The participants in the experiments were University students (33 in total, aged between 17 and 28) invited by email, social networks, etc. The participants were not paid for their participation. Written informed consents were obtained before starting each experiment. A student was allowed to participate in a single experiment.

Before the experiment, each participant received written instructions and an explanation about the research goals. Then, the participant performed some training gestures guided by the software. When the participant indicated s/he was ready, more specific instructions appeared on the TV screen using a PowerPoint slideshow. Enough time was allowed to read the instructions. The instructions required that every gesture should be done inside a red box (gesture input area or gesture space, see Fig. 1d), having approximately the same size, and balancing speed and accuracy. (The tool adjusted the size of the input area according to the size of the required gesture.) The instructions also noted the participants should use the dominant hand, and should start (preparation phase [22]) and finish (retraction phase [22]) a gesture with both hands in a relaxed position below hips.

The tool immediately started the data acquisition phase after displaying the instructions. The tool was programmed to randomly pick a gesture within a gesture set and display it for 2 s (Fig. 1c). The gesture image was displayed along with a name and a very short description. After the 2 s period, the description disappeared, the red box was displayed, and the participant’s gesture was collected (Fig. 1d). When the gesture was correct, the tool displayed a green check and moved on to the next gesture. When a gesture was wrong, a red-cross mark was displayed, the input was discarded, and the participant had to re-enter the gesture.

Besides a practice session, every experiment included three blocks with gestures to be performed by the participants (e.g. a block only including straight lines). The specific characteristics of these blocks are defined in Sects. 5 and 6. The tool included a resting period between blocks of gestures.

4 Definition of Formulas

This section discusses the definition and adaptation of each model to hand gestures. The tuning and validation of formulas are explained later.

4.1 CLC Model

Although Cao and Zhai [13] adopted several formulas (14) for the CLC model, there are other options that might be used to improve predictions. Based on regression analysis (discussed later), we suggest that formula 6 can be used instead of formula 2 to estimate the production time of curves. Another simpler formula that may be applied to curves, which Cao and Zhai did not test, is a linear function of the curve’s radius and angle (formula 7).

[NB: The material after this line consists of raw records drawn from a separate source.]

lemma sets_borel_deviates: "{r. deviates c w r} \<in> sets borel"
  by (cases "w < c") (simp_all add: deviates_def)

lemma measure_unif01_deviates_le:
  assumes "0 < c"
  shows "measure unif01 {r. deviates c w r} \<le> \<bar>w - c\<bar> / c"
proof -
  define a where "a = (if w < c then w / c else 0)"
  have "{0<..<1} \<inter> {r. deviates c w r} \<subseteq> {a .. a + \<bar>w - c\<bar> / c}"
    using assms by (auto simp: deviates_def a_def abs_if diff_divide_distrib)
  then have "measure lborel ({0<..<1} \<inter> {r. deviates c w r}) \<le> measure lborel {a .. a + \<bar>w - c\<bar> / c}"
    using sets_borel_deviates[of c w]
    by (intro measure_mono_fmeasurable) (auto simp: fmeasurable_def emeasure_lborel_Icc_eq)
  then show ?thesis
    using assms sets_borel_deviates[of c w] by simp
qed

definition row_deviates :: "nat \<Rightarrow> nat \<Rightarrow> real list \<Rightarrow> (nat \<times> nat \<Rightarrow> real) \<Rightarrow> bool" where
  "row_deviates N l v u \<longleftrightarrow> (\<exists>p<length v. deviates (1 / real N) (v ! p) (u (l, p)))"

lemma sets_row_deviates:
  assumes "\<And>p. (\<lambda>u. u (l, p)) \<in> borel_measurable M"
  shows "{u\<in>space M. row_deviates N l v u} \<in> sets M"
proof -
  have "{u\<in>space M. row_deviates N l v u}
      = (\<Union>p<length v. (\<lambda>u. u (l, p)) -` {r. deviates (1 / real N) (v ! p) r} \<inter> space M)"
    by (auto simp: row_deviates_def)
  also have "\<dots> \<in> sets M"
    using assms sets_borel_deviates by (intro sets.finite_UN measurable_sets) auto
  finally show ?thesis .
qed

lemma measure_row_deviates_le:
  assumes "1 \<le> N"
  shows "measure pc_space {u. row_deviates N l v u} \<le> real N * deviation N v"
proof -
  let ?D = "\<lambda>p. {u. u (l, p) \<in> {r. deviates (1 / real N) (v ! p) r}}"
  have "measure pc_space {u. row_deviates N l v u} = measure pc_space (\<Union>p<length v. ?D p)"
    by (auto simp: row_deviates_def intro!: arg_cong[where f = "measure pc_space"])
  also have "\<dots> \<le> (\<Sum>p<length v. measure pc_space (?D p))"
  proof (rule measure_UNION_le)
    show "?D p \<in> pc.events" for p
      using measurable_sets[OF measurable_pc_space_coordinate sets_borel_deviates, of "(l, p)"]
      by (simp add: vimage_def)
  qed simp
  also have "\<dots> = (\<Sum>p<length v. measure unif01 {r. deviates (1 / real N) (v ! p) r})"
    by (simp only: measure_pc_space_coordinate[OF sets_borel_deviates])
  also have "\<dots> \<le> (\<Sum>p<length v. \<bar>v ! p - 1 / real N\<bar> / (1 / real N))"
    using assms by (intro sum_mono measure_unif01_deviates_le) simp
  also have "\<dots> = real N * deviation N v"
    by (simp add: deviation_def sum_list_sum_nth atLeast0LessThan sum_distrib_left mult.commute)
  finally show ?thesis .
qed

lemma sets_pc_path_event: "{u. P (pc_path N X0 u l)} \<in> sets pc_space"
  using sets_Collect_simple_function[OF simple_function_pc_path[OF measurable_pc_space_coordinate]]
  by simp

lemma sets_pc_path_event_row_deviates:
  "{u. P (pc_path N X0 u l) \<and> row_deviates N l (pc_iter N X0 u l) u} \<in> sets pc_space"
proof -
  have "simple_function pc_space (\<lambda>u. row_deviates N l (pc_iter N X0 u l) u)"
    by (rule simple_function_bind[where H = "row_deviates N l"])
       (auto intro!: simple_function_pc_iter simple_function_bool sets_row_deviates
                     measurable_pc_space_coordinate)
  then have "simple_function pc_space (\<lambda>u. (pc_path N X0 u l, row_deviates N l (pc_iter N X0 u l) u))"
    by (intro simple_function_Pair simple_function_pc_path measurable_pc_space_coordinate)
  from sets_Collect_simple_function[OF this, of "\<lambda>(h, b). P h \<and> b"] show ?thesis
    by simp
qed

lemma measure_pc_path_row_deviates_mult:
  "measure pc_space {u. pc_path N X0 u l = h \<and> row_deviates N' l v u} =
   measure pc_space {u. pc_path N X0 u l = h} * measure pc_space {u. row_deviates N' l v u}"
proof -
  define K where "K = {kp :: nat \<times> nat. fst kp < l}"
  define L where "L = {kp :: nat \<times> nat. fst kp = l}"
  define A where "A = {u\<in>space (PiM K (\<lambda>_. unif01)). pc_path N X0 u l = h}"
  define B where "B = {u\<in>space (PiM L (\<lambda>_. unif01)). row_deviates N' l v u}"
  have "A \<in> sets (PiM K (\<lambda>_. unif01))"
    unfolding A_def
    by (intro sets_Collect_simple_function simple_function_pc_path measurable_PiM_coordinate)
       (simp add: K_def)
  moreover have "B \<in> sets (PiM L (\<lambda>_. unif01))"
    unfolding B_def by (intro sets_row_deviates measurable_PiM_coordinate) (simp add: L_def)
  moreover have "K \<inter> L = {}" by (auto simp: K_def L_def)
  moreover have "restrict u K \<in> A \<longleftrightarrow> pc_path N X0 u l = h" for u
    using pc_path_cong[of l "restrict u K" u N X0] by (auto simp: A_def K_def space_PiM)
  moreover have "restrict u L \<in> B \<longleftrightarrow> row_deviates N' l v u" for u
    by (auto simp: B_def L_def space_PiM row_deviates_def)
  ultimately show ?thesis
    using measure_pc_space_restrict_indep[of K L A B] by simp
qed

lemma measure_pc_path_event_row_deviates_le:
  assumes N: "1 \<le> N"
    and deviation: "\<And>u. P (pc_path N X0 u l) \<Longrightarrow> deviation N (pc_iter N X0 u l) \<le> \<delta>"
  shows "measure pc_space {u. P (pc_path N X0 u l) \<and> row_deviates N l (pc_iter N X0 u l) u}
         \<le> real N * \<delta> * measure pc_space {u. P (pc_path N X0 u l)}"
proof -
  let ?path = "\<lambda>u. pc_path N X0 u l"
  define F where "F = {h \<in> range ?path. P h}"
  have "finite (range ?path)"
    using simple_functionD(1)[OF simple_function_pc_path[OF measurable_pc_space_coordinate]] by simp
  then have F: "finite F" by (simp add: F_def)
  have path_events: "{u. ?path u = h} \<in> pc.events" for h
    using sets_pc_path_event[of "\<lambda>h'. h' = h"] by simp
  have row_events: "{u. row_deviates N l v u} \<in> pc.events" for v
    using sets_row_deviates[OF measurable_pc_space_coordinate] by simp
  have "{u. P (?path u) \<and> row_deviates N l (pc_iter N X0 u l) u}
      = (\<Union>h\<in>F. {u. ?path u = h} \<inter> {u. row_deviates N l (last h) u})"
    by (auto simp: F_def last_pc_path) (metis last_pc_path)
  then have "measure pc_space {u. P (?path u) \<and> row_deviates N l (pc_iter N X0 u l) u}
      \<le> (\<Sum>h\<in>F. measure pc_space ({u. ?path u = h} \<inter> {u. row_deviates N l (last h) u}))"
    using F path_events row_events by (simp add: measure_UNION_le)
  also have "\<dots> = (\<Sum>h\<in>F. measure pc_space {u. ?path u = h}
                        * measure pc_space {u. row_deviates N l (last h) u})"
    by (simp add: Int_def measure_pc_path_row_deviates_mult)
  also have "\<dots> \<le> (\<Sum>h\<in>F. measure pc_space {u. ?path u = h} * (real N * \<delta>))"
  proof (intro sum_mono mult_left_mono)
    fix h assume "h \<in> F"
    then obtain u where "h = ?path u" "P (?path u)" by (auto simp: F_def)
    then have "real N * deviation N (last h) \<le> real N * \<delta>"
      using deviation by (simp add: last_pc_path mult_left_mono)
    then show "measure pc_space {u. row_deviates N l (last h) u} \<le> real N * \<delta>"
      using measure_row_deviates_le[OF N, of l "last h"] by linarith
  qed simp
  also have "\<dots> = real N * \<delta> * measure pc_space (\<Union>h\<in>F. {u. ?path u = h})"
    using F path_events
    by (subst pc.finite_measure_finite_Union)
       (auto simp: disjoint_family_on_def sum_distrib_left mult.commute)
  also have "(\<Union>h\<in>F. {u. ?path u = h}) = {u. P (?path u)}"
    by (auto simp: F_def)
  finally show ?thesis .
qed

lemma sets_pc_converges:
  "{u. (\<lambda>l. l1_dist (pc_iter N X0 u l) r) \<longlonglongrightarrow> 0} \<in> sets pc_space"
proof -
  have "(\<lambda>u. l1_dist (pc_iter N X0 u l) r) \<in> borel_measurable pc_space" for l
    by (intro borel_measurable_simple_function simple_function_compose1[where g = "\<lambda>v. l1_dist v r"]
        simple_function_pc_iter measurable_pc_space_coordinate)
  then have "Measurable.pred pc_space (\<lambda>u. (\<lambda>l. l1_dist (pc_iter N X0 u l) r) \<longlonglongrightarrow> 0)"
    by (rule measurable_limit)
  then show ?thesis by (simp add: pred_def)
qed

lemma (in prob_space) prob_UNION_le_sums:
  assumes "\<And>j. A j \<in> events" "\<And>j. prob (A j) \<le> a j" "a sums t"
  shows "prob (\<Union>j. A j) \<le> t"
proof -
  have summable: "summable (\<lambda>j. prob (A j))"
    by (rule summable_comparison_test'[OF sums_summable[OF assms(3)], of 0]) (use assms in simp)
  have "prob (\<Union>j. A j) \<le> (\<Sum>j. prob (A j))"
    by (rule finite_measure_subadditive_countably) (use assms summable in auto)
  also have "\<dots> \<le> (\<Sum>j. a j)"
    by (rule suminf_le) (use assms summable sums_summable[OF assms(3)] in auto)
  finally show ?thesis using sums_unique[OF assms(3)] by simp
qed

lemma (in prob_space) prob_Int_ge_of_exceptions:
  fixes H :: "nat \<Rightarrow> 'a set" and B :: "nat \<Rightarrow> nat \<Rightarrow> 'a set"
  assumes H: "disjoint_family H" "\<And>m. H m \<in> events"
    and B: "\<And>m j. B m j \<in> events" "\<And>m j. prob (B m j) \<le> b j * prob (H m)" "b sums s"
    and C: "C \<in> events" "(\<Union>m. H m) - C \<subseteq> (\<Union>m j. B m j)"
  shows "(1 - s) * prob (\<Union>m. H m) \<le> prob ((\<Union>m. H m) \<inter> C)"
proof -
  have H_sums: "(\<lambda>m. prob (H m)) sums prob (\<Union>m. H m)"
    by (rule finite_measure_UNION) (use H in auto)
  have B_union: "prob (\<Union>j. B m j) \<le> s * prob (H m)" for m
    by (rule prob_UNION_le_sums[where a = "\<lambda>j. b j * prob (H m)"])
       (use B sums_mult2[OF B(3)] in auto)
  have "prob (\<Union>m. \<Union>j. B m j) \<le> s * prob (\<Union>m. H m)"
    by (rule prob_UNION_le_sums[where a = "\<lambda>m. s * prob (H m)"])
       (use B B_union sums_mult[OF H_sums] in auto)
  moreover have "prob ((\<Union>m. H m) - C) \<le> prob (\<Union>m. \<Union>j. B m j)"
    using B C by (intro finite_measure_mono) auto
  moreover have "prob ((\<Union>m. H m) - C) = prob (\<Union>m. H m) - prob ((\<Union>m. H m) \<inter> C)"
    using H C by (intro finite_measure_Diff') auto
  ultimately show ?thesis by (simp add: algebra_simps)
qed

context
  fixes N :: nat and X0 :: "real list" and eps :: real
  assumes N: "1 \<le> N" and eps: "0 < eps" "eps < 1"
begin

(* Phrased on pc_path so that ideal_run m j is visibly determined by the draws of the rows
   before m + j, hence independent of row m + j. *)
definition ideal_path :: "nat \<Rightarrow> nat \<Rightarrow> real list list \<Rightarrow> bool" where
  "ideal_path m j h \<longleftrightarrow> in_T N eps (h ! m) \<and> (\<forall>k<m. \<not> in_T N eps (h ! k))
     \<and> (\<forall>i<j. h ! Suc (m + i) = ideal_step N (h ! (m + i)))"

definition ideal_run :: "nat \<Rightarrow> nat \<Rightarrow> (nat \<times> nat \<Rightarrow> real) \<Rightarrow> bool" where
  "ideal_run m j u \<longleftrightarrow> ideal_path m j (pc_path N X0 u (m + j))"

abbreviation converges_to_target :: "(nat \<times> nat \<Rightarrow> real) \<Rightarrow> bool" where
  "converges_to_target u \<equiv> (\<lambda>l. l1_dist (pc_iter N X0 u l) (replicate N (1 / real N))) \<longlonglongrightarrow> 0"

These two formulas may contribute to reduce the %RMSE of CLC, but they should be tested against the original one.

$$ T\left( {curve} \right) = \frac{{\alpha^{a} }}{K}r^{1 - \beta } $$
(6)
$$ T\left( {curve} \right) = m r + n \alpha $$
(7)

Where: α is the sweep angle; r is the radius of the curve; a, β, K, m and n are empirical constants.

4.2 Isokoski’s Model

Given the conceptual simplicity of Isokoski’s model [14], we consider it may be straightforwardly adapted to hand gestures. Formula 8 may be applied bearing in mind that hand gestures will be reduced into a sequence of straight lines and an empirical constant is necessary to estimate the time taken to generate every straight line. This reasoning has two implications. First, Isokoski did not provide a constant time for performing a straight-line segment, so we have to estimate that constant. Second, Isokoski’ does not provide a clear procedure to reduce curves into straight lines, which may range between 1 (too much error) and an arbitrary large number (less error but more difficult to calculate). We adopt the procedure suggested by Vatavu et al.: “if the angle α inscribed by an arc was greater than 270° use 3 segments; if α < 120° use 1 segment; otherwise use 2 segments” [17] (p. 97).

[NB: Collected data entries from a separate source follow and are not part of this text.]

lemma card_UN_intervals:
  "int (card (\<Union>i\<in>{1..N}. {a i + 1 .. b i - 1})) = (\<Sum>i=1..N. b i - a i - 1)"
proof -
  have "card (\<Union>i\<in>{1..N}. {a i + 1 .. b i - 1}) = (\<Sum>i=1..N. card {a i + 1 .. b i - 1})"
    using intervals_disjoint by (intro card_UN_disjoint) auto
  also have "int \<dots> = (\<Sum>i=1..N. b i - a i - 1)"
    using below by (auto intro: sum.cong)
  finally show ?thesis .
qed

lemma UN_intervals_subset: "(\<Union>i\<in>{1..N}. {a i + 1 .. b i - 1}) \<subseteq> {a 1 + 1 .. b N - 1}"
proof -
  have "a 1 \<le> a i \<and> b i \<le> b N" if "i \<in> {1..N}" for i
    using that below[of 1] below[of N] upper_le_lower[of 1 i] upper_le_lower[of i N]
    by (cases "i = 1"; cases "i = N") auto
  then show ?thesis by fastforce
qed

end

lemma binomial_power_system_injective:
  fixes c :: "nat \<Rightarrow> 'a::{idom,ring_char_0}"
  assumes L: "L \<subseteq> {..e + K}" "K \<le> card L"
    and sol: "\<And>l. l \<in> L \<Longrightarrow> (\<Sum>j=1..K. c j * coeff ([:1, 1:] ^ (e + j)) l) = 0"
    and j: "j \<in> {1..K}"
  shows "c j = 0"
proof -
  define P where "P = (\<Sum>j=1..K. smult (c j) ([:1, 1:] ^ (e + j)))"
  have coeff_P: "coeff P l = (\<Sum>j=1..K. c j * coeff ([:1, 1:] ^ (e + j)) l)" for l
    by (simp add: P_def coeff_sum)
  have "[:1, 1:] ^ (e + 1) dvd P"
    unfolding P_def by (intro dvd_sum dvd_smult le_imp_power_dvd) auto
  moreover have "coeff P n = 0" if "n \<notin> {..e + K} - L" for n
  proof (cases "n \<in> L")
    case True
    then show ?thesis using sol by (simp add: coeff_P)
  next
    case False
    have "degree P \<le> e + K"
      unfolding P_def by (intro degree_sum_le degree_smult_le[THEN order_trans])
        (auto simp: degree_linear_power)
    with False that show ?thesis by (intro coeff_eq_0) auto
  qed
  moreover have "card ({..e + K} - L) \<le> e + 1"
    using L by (simp add: card_Diff_subset finite_subset)
  ultimately have "P = 0"
    by (intro sparse_poly_eq_0_if_power_dvd[of 1 "{..e + K} - L" _ "e + 1"]) auto
  then show ?thesis
    using smult_linear_powers_eq_0_imp_eq_0[where J = "{1..K}" and f = "\<lambda>j. e + j"] j
    by (simp add: P_def)
qed

lemma coeff_shifted_binom_poly:
  "coeff (shifted_binom_poly e K C) l =
     coeff ([:1, 1:] ^ e) l + (\<Sum>j=1..K. C j * coeff ([:1, 1:] ^ (e + j)) l)"
  by (simp add: shifted_binom_poly_def coeff_sum)

lemma shifted_binom_poly_unique:
  assumes L: "L \<subseteq> {..e + K}" "card L = K"
  shows "\<exists>!C. (\<forall>j. j \<notin> {1..K} \<longrightarrow> C j = 0) \<and>
              (\<forall>l\<in>L. coeff (shifted_binom_poly e K C) l = 0)"
proof (rule ex_ex1I)
  have "finite L" using L(1) finite_subset by blast
  then obtain x :: "nat \<Rightarrow> complex" where x: "\<exists>v\<in>{0..K}. x v \<noteq> 0"
    "\<forall>l\<in>L. (\<Sum>v\<in>{0..K}. coeff ([:1, 1:] ^ (e + v)) l * x v) = 0"
    using homogeneous_linear_system_nontrivial_solution[of L "{0..K}"
        "\<lambda>l v. coeff ([:1, 1:] ^ (e + v)) l"] L(2)
    by auto
  have row: "(\<Sum>v\<in>{0..K}. coeff ([:1, 1:] ^ (e + v)) l * x v) =
      x 0 * coeff ([:1, 1:] ^ e) l + (\<Sum>j=1..K. x j * coeff ([:1, 1:] ^ (e + j)) l)" for l
    by (simp add: sum.atLeast_Suc_atMost mult.commute)
  have "x 0 \<noteq> 0"
  proof
    assume "x 0 = 0"
    then have "x j = 0" if "j \<in> {1..K}" for j
      using binomial_power_system_injective[OF L(1), of x] x(2) row L(2) that by simp
    with \<open>x 0 = 0\<close> x(1) show False by (metis Suc_leI atLeastAtMost_iff neq0_conv One_nat_def)
  qed
  define C where "C j = (if j \<in> {1..K} then x j / x 0 else 0)" for j
  have C_sol: "coeff (shifted_binom_poly e K C) l = 0" if "l \<in> L" for l
  proof -
    have "coeff (shifted_binom_poly e K C) l =
        (\<Sum>v\<in>{0..K}. coeff ([:1, 1:] ^ (e + v)) l * x v) / x 0"
      unfolding coeff_shifted_binom_poly row using \<open>x 0 \<noteq> 0\<close>
      by (simp add: C_def add_divide_distrib sum_divide_distrib)
    with x(2) that show ?thesis by simp
  qed
  moreover have "C j = 0" if "j \<notin> {1..K}" for j
    using that unfolding C_def by auto
  ultimately show "\<exists>C. (\<forall>j. j \<notin> {1..K} \<longrightarrow> C j = 0) \<and>
      (\<forall>l\<in>L. coeff (shifted_binom_poly e K C) l = 0)"
    by blast
next
  fix C1 C2 :: "nat \<Rightarrow> complex"
  assume C1: "(\<forall>j. j \<notin> {1..K} \<longrightarrow> C1 j = 0) \<and> (\<forall>l\<in>L. coeff (shifted_binom_poly e K C1) l = 0)"
    and C2: "(\<forall>j. j \<notin> {1..K} \<longrightarrow> C2 j = 0) \<and> (\<forall>l\<in>L. coeff (shifted_binom_poly e K C2) l = 0)"
  have "(\<Sum>j=1..K. (C1 j - C2 j) * coeff ([:1, 1:] ^ (e + j)) l) =
      coeff (shifted_binom_poly e K C1) l - coeff (shifted_binom_poly e K C2) l" for l
    by (simp add: coeff_shifted_binom_poly left_diff_distrib sum_subtractf)
  then have diff: "C1 j - C2 j = 0" if "j \<in> {1..K}" for j
    using binomial_power_system_injective[OF L(1), of "\<lambda>j. C1 j - C2 j"] C1 C2 L(2) that
    by simp
  show "C1 = C2"
  proof
    fix j
    show "C1 j = C2 j" using C1 C2 diff[of j] by (cases "j \<in> {1..K}") simp_all
  qed
qed

theorem mainTheorem4:
  fixes N :: nat and d :: int and dd rho :: "nat \<Rightarrow> int"
  assumes N_pos: "N \<ge> 1"
    and d1_nonneg: "0 \<le> dd 1"
    and chain1: "\<And>i. 1 \<le> i \<Longrightarrow> i \<le> N \<Longrightarrow> dd i < rho (N + 1 - i)"
    and chain2: "\<And>i. 1 \<le> i \<Longrightarrow> i < N \<Longrightarrow> rho (N + 1 - i) \<le> dd (i + 1)"
    and rho1_le: "rho 1 \<le> d"
    and m_pos: "d - (\<Sum>l=1..N. rho l) + (\<Sum>l=1..N. dd l) > 0"
  shows "let m = d - (\<Sum>l=1..N. rho l) + (\<Sum>l=1..N. dd l);
             L = (\<Union>i\<in>{1..N}. {dd i + 1 .. rho (N + 1 - i) - 1});
             K = nat (d - m - int N)
         in \<exists>!C :: nat \<Rightarrow> complex. (\<forall>j. j \<notin> {1..K} \<longrightarrow> C j = 0) \<and>
               (\<forall>l\<in>L. coeff (shifted_binom_poly (nat (m + int N)) K C) (nat l) = 0)"
proof -
  define m where "m = d - (\<Sum>l=1..N. rho l) + (\<Sum>l=1..N. dd l)"
  define L where "L = (\<Union>i\<in>{1..N}. {dd i + 1 .. rho (N + 1 - i) - 1})"
  define K where "K = nat (d - m - int N)"
  define e where "e = nat (m + int N)"
  interpret interlaced N dd "\<lambda>i. rho (N + 1 - i)"
    using chain1 chain2 by unfold_locales
  have "int (card L) = (\<Sum>i=1..N. rho (N + 1 - i) - dd i - 1)"
    unfolding L_def by (rule card_UN_intervals)
  also have "\<dots> = (\<Sum>l=1..N. rho l) - (\<Sum>l=1..N. dd l) - int N"
    using sum.atLeastAtMost_rev[of rho 1 N] by (simp add: sum_subtractf)
  finally have card_L: "card L = K" and d_eq: "nat d = e + K"
    using m_pos by (simp_all add: K_def e_def m_def)
  have "L \<subseteq> {dd 1 + 1 .. rho 1 - 1}"
    unfolding L_def using UN_intervals_subset N_pos by simp
  then have L_nonneg: "0 \<le> l" and L_le: "l \<le> d" if "l \<in> L" for l
    using that d1_nonneg rho1_le by force+
  have "inj_on nat L" by (rule inj_onI) (metis L_nonneg eq_nat_nat_iff)
  moreover have "nat ` L \<subseteq> {..e + K}" using L_le by (auto simp flip: d_eq intro: nat_mono)
  ultimately have "\<exists>!C. (\<forall>j. j \<notin> {1..K} \<longrightarrow> C j = 0) \<and>
      (\<forall>n\<in>nat ` L. coeff (shifted_binom_poly e K C) n = 0)"
    using card_L by (intro shifted_binom_poly_unique) (simp_all add: card_image)
  then show ?thesis
    unfolding Let_def m_def[symmetric] L_def[symmetric] K_def[symmetric] e_def[symmetric] by simp
qed

end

$$ T = \# {\text{segments*constant}}\_{\text{time}} $$
(8)

4.3 KLM

As already mentioned, we are only using the D operator of KLM, and hence using formula 5 to estimate production time of hand gestures. Analyzing the original definition in detail [5], we note that formula 5 may not be applicable to gestures with curves and corners. We suggest that curves be approximated to straight-line segments by applying the procedure adopted by Vatavu et al. [17] (p. 97). Regarding corners, we suggest counting the number of corners (n C ) multiplied by an empirical constant, as shown in formula 9.

$$ D_{c} \left( {n_{D} ,l_{D} , n_{C} } \right) = a n_{D} + b l_{D} + c n_{C} $$
(9)

Where a, b and c are empirical constants.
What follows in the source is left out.